Onlookers began to point, and staff ran in, but it was too late: the explosions that followed unleashed a conflagration of such ferocity that the store next door was engulfed before anyone could act. It was no ordinary establishment. Pilgrims Book House was the largest, most-loved purveyor of books in Nepal.

The owner summoned the fire brigade and appealed to his neighbours to employ their buckets; it took twelve hours to tame the fire. There was relief that no lives were lost, that the inferno hadn’t spread through the tourist quarter of Thamel.

But for book lovers across the Kathmandu Valley — and anyone who had visited Nepal — this was a tragedy of Alexandrian proportions: tens of thousands of tomes on every subject in the cosmos lay scattered in a smouldering heap outside the eviscerated husk of Pilgrims Book House.

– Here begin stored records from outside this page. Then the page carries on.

lemma stable_vertex_in_tri:
  assumes "K3_1_stable V E" "v \<in> V"
  shows "\<exists>a b. tri E v a b"
proof -
  have "\<not> bad_vertex V E v" using assms(1) unfolding K3_1_stable_def by blast
  then obtain T where "triangle E T" "v \<in> T" using assms(2) unfolding bad_vertex_def by blast
  then obtain a b c where "T = {a, b, c}" "tri E a b c" unfolding triangle_iff_tri by blast
  with tri_relabel_vertex[OF \<open>tri E a b c\<close>] \<open>v \<in> T\<close> show ?thesis by metis
qed

lemma stable_edge_in_tri:
  assumes "K3_1_stable V E" "{x, y} \<in> E" "x \<noteq> y"
  shows "\<exists>z. tri E x y z"
proof -
  have "\<not> bad_edge E {x, y}" using assms(1) unfolding K3_1_stable_def by blast
  then obtain T where "triangle E T" "{x, y} \<subseteq> T" using assms(2) unfolding bad_edge_def by blast
  then obtain a b c where "T = {a, b, c}" "tri E a b c" unfolding triangle_iff_tri by blast
  with \<open>{x, y} \<subseteq> T\<close> have "x \<in> {a, b, c}" "y \<in> {a, b, c}" by auto
  from tri_relabel[OF \<open>tri E a b c\<close> this assms(3)] show ?thesis by metis
qed

lemma stable_pair_separated:
  assumes "K3_1_stable V E" "y \<in> V" "z \<in> V" "y \<noteq> z"
  shows "\<exists>a b. tri E y a b \<and> z \<notin> {a, b} \<or> tri E z a b \<and> y \<notin> {a, b}"
proof -
  have "\<not> bad_pair V E y z" using assms(1) unfolding K3_1_stable_def by blast
  then obtain T where "triangle E T" and sep: "y \<in> T \<and> z \<notin> T \<or> z \<in> T \<and> y \<notin> T"
    using assms(2-4) unfolding bad_pair_def by blast
  then obtain a b c where T: "T = {a, b, c}" "tri E a b c" unfolding triangle_iff_tri by blast
  have relabel: "\<exists>p q. tri E v p q \<and> w \<notin> {p, q}" if "v \<in> T" "w \<notin> T" for v w
  proof -
    have "v \<in> {a, b, c}" using that(1) T(1) by simp
    from tri_relabel_vertex[OF T(2) this] obtain p q where "{a, b, c} = {v, p, q}" "tri E v p q"
      by blast
    moreover have "w \<notin> {p, q}" using that(2) T(1) calculation(1) by auto
    ultimately show ?thesis by blast
  qed
  from sep show ?thesis using relabel by blast
qed

lemma rtranclp_adj_sym: "(adj E)\<^sup>*\<^sup>* a b \<Longrightarrow> (adj E)\<^sup>*\<^sup>* b a"
  by (rule sympD[OF symp_rtranclp]) (auto intro: sympI simp: adj_def insert_commute)

lemma edge_leaving:
  assumes "(adj E)\<^sup>*\<^sup>* a b" "a \<in> S" "b \<notin> S"
  shows "\<exists>x y. x \<in> S \<and> y \<notin> S \<and> {x, y} \<in> E"
  using assms
proof (induction rule: rtranclp_induct)
  case (step y z)
  then show ?case by (cases "y \<in> S") (auto simp: adj_def)
qed simp

lemma component_subset: "C \<in> components V E \<Longrightarrow> C \<subseteq> V"
  unfolding components_def component_of_def by auto

lemma component_connected:
  assumes "C \<in> components V E" "a \<in> C" "b \<in> C"
  shows "(adj E)\<^sup>*\<^sup>* a b"
proof -
  obtain v where "C = component_of V E v" using assms(1) unfolding components_def by blast
  then have "(adj E)\<^sup>*\<^sup>* v a" "(adj E)\<^sup>*\<^sup>* v b"
    using assms(2, 3) unfolding component_of_def by auto
  then show ?thesis using rtranclp_trans[OF rtranclp_adj_sym] by metis
qed

lemma component_edge_closed:
  assumes "graph V E" "C \<in> components V E" "a \<in> C" "{a, b} \<in> E"
  shows "b \<in> C"
proof -
  obtain v where C: "C = component_of V E v" using assms(2) unfolding components_def by blast
  then have "(adj E)\<^sup>*\<^sup>* v a" using assms(3) unfolding component_of_def by auto
  then have "(adj E)\<^sup>*\<^sup>* v b" using assms(4) unfolding adj_def by (rule rtranclp.rtrancl_into_rtrancl)
  then show ?thesis using C graph_edgeD(3)[OF assms(1, 4)] unfolding component_of_def by simp
qed

section \<open>Recognising \<open>TT\<close> and \<open>DD\<close>\<close>

lemma DD_isomorphicI:
  assumes d: "distinct [x, y1, z1, z2, y2, z3, z4]"
    and C_eq: "C = {x, y1, z1, z2, y2, z3, z4}"
    and IE: "induced_edges E C = {{x, y1}, {x, z1}, {x, z2}, {y1, z1}, {y1, z2}, {x, y2}, {x, z3}, {x, z4}, {y2, z3}, {y2, z4}}"
  shows "isomorphic C (induced_edges E C) DD_V DD_E"
proof -
  define f :: "_ \<Rightarrow> nat" where "f v = (if v = x then 0 else if v = y1 then 1 else if v = z1 then 2 else
     if v = z2 then 3 else if v = y2 then 4 else if v = z3 then 5 else 6)" for v
  have fv: "f x = 0" "f y1 = 1" "f z1 = 2" "f z2 = 3" "f y2 = 4" "f z3 = 5" "f z4 = 6"
    using d unfolding f_def by auto
  have inj: "inj_on f C" unfolding C_eq inj_on_def using d fv by auto
  have im: "f ` C = DD_V" unfolding C_eq DD_V_def using fv by auto
  have ed: "\<forall>u\<in>C. \<forall>v\<in>C. {u, v} \<in> induced_edges E C \<longleftrightarrow> {f u, f v} \<in> DD_E"
    unfolding IE unfolding C_eq using d fv by (auto simp: DD_E_def doubleton_eq_iff)
  show ?thesis unfolding isomorphic_def bij_betw_def using inj im ed by blast
qed

lemma TT_isomorphicI:
  assumes d: "distinct [v1, v2, v3, v4, v5]"
    and C_eq: "C = {v1, v2, v3, v4, v5}"
    and IE: "induced_edges E C = {{v1, v2}, {v1, v3}, {v2, v3}, {v2, v4}, {v3, v4}, {v3, v5}, {v4, v5}}"
  shows "isomorphic C (induced_edges E C) TT_V TT_E"
proof -
  define f :: "_ \<Rightarrow> nat" where "f v = (if v = v1 then 1 else if v = v2 then 2 else if v = v3 then 3 else
     if v = v4 then 4 else 5)" for v
  have fv: "f v1 = 1" "f v2 = 2" "f v3 = 3" "f v4 = 4" "f v5 = 5"
    using d unfolding f_def by auto
  have inj: "inj_on f C" unfolding C_eq inj_on_def using d fv by auto
  have im: "f ` C = TT_V" unfolding C_eq TT_V_def using fv by auto
  have ed: "\<forall>u\<in>C. \<forall>v\<in>C. {u, v} \<in> induced_edges E C \<longleftrightarrow> {f u, f v} \<in> TT_E"
    unfolding IE unfolding C_eq using d fv by (auto simp: TT_E_def doubleton_eq_iff)
  show ?thesis unfolding isomorphic_def bij_betw_def using inj im ed by blast
qed

section \<open>Growing a component from a triangle\<close>

inductive build :: "'a set set \<Rightarrow> 'a set \<Rightarrow> 'a set \<Rightarrow> 'a set set \<Rightarrow> nat \<Rightarrow> nat \<Rightarrow> bool"
  for E C where
  start: "tri E a b c \<Longrightarrow> {a, b, c} \<subseteq> C \<Longrightarrow> build E C {a, b, c} {{a, b}, {a, c}, {b, c}} 0 0"
| add_vertex: "build E C S F i j \<Longrightarrow> v \<in> C \<Longrightarrow> v \<notin> S \<Longrightarrow> p \<in> S \<Longrightarrow> q \<in> S \<Longrightarrow> p \<noteq> q \<Longrightarrow>
    {v, p} \<in> E \<Longrightarrow> {v, q} \<in> E \<Longrightarrow> build E C (insert v S) ({{v, p}, {v, q}} \<union> F) (Suc i) j"
| add_triangle: "build E C S F i j \<Longrightarrow>
    (\<forall>v\<in>C - S. \<forall>p\<in>S. \<forall>q\<in>S. {v, p} \<in> E \<longrightarrow> {v, q} \<in> E \<longrightarrow> p = q) \<Longrightarrow>
    x \<in> S \<Longrightarrow> y \<in> C \<Longrightarrow> z \<in> C \<Longrightarrow> y \<notin> S \<Longrightarrow> z \<notin> S \<Longrightarrow> tri E x y z \<Longrightarrow>
    build E C (insert y (insert z S)) ({{x, y}, {x, z}, {y, z}} \<union> F) i (Suc j)"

Pilgrims was much more than a bookstore. To borrow a line from a play lamenting yet another fire, a case of arson at the Tribhuvan University library, "It felt like something had burned up inside of us" (Subedi 2004). What was Thamel now? The intellectual soul of the place had been reduced to ashes, leaving the Philistines to track their mud in the sodden hereafter.

In the beginning, there was the word. In this neck of the woods, the Brahmins settled on "Om", the rounded ornateness of the Sanskrit glyph a precursor to the ritual-heavy civilisation that was to follow, and a cloak for the Aryan warrior-kings who preceded the priests into the Indian subcontinent. Unlike the angles of the swastika, appropriated by rather more uncompromising Aryans, the Om has a resonant perfection that deserves the first hearing. The hyper-literate Brahmins turned sound to text, naturally, and the rest is history.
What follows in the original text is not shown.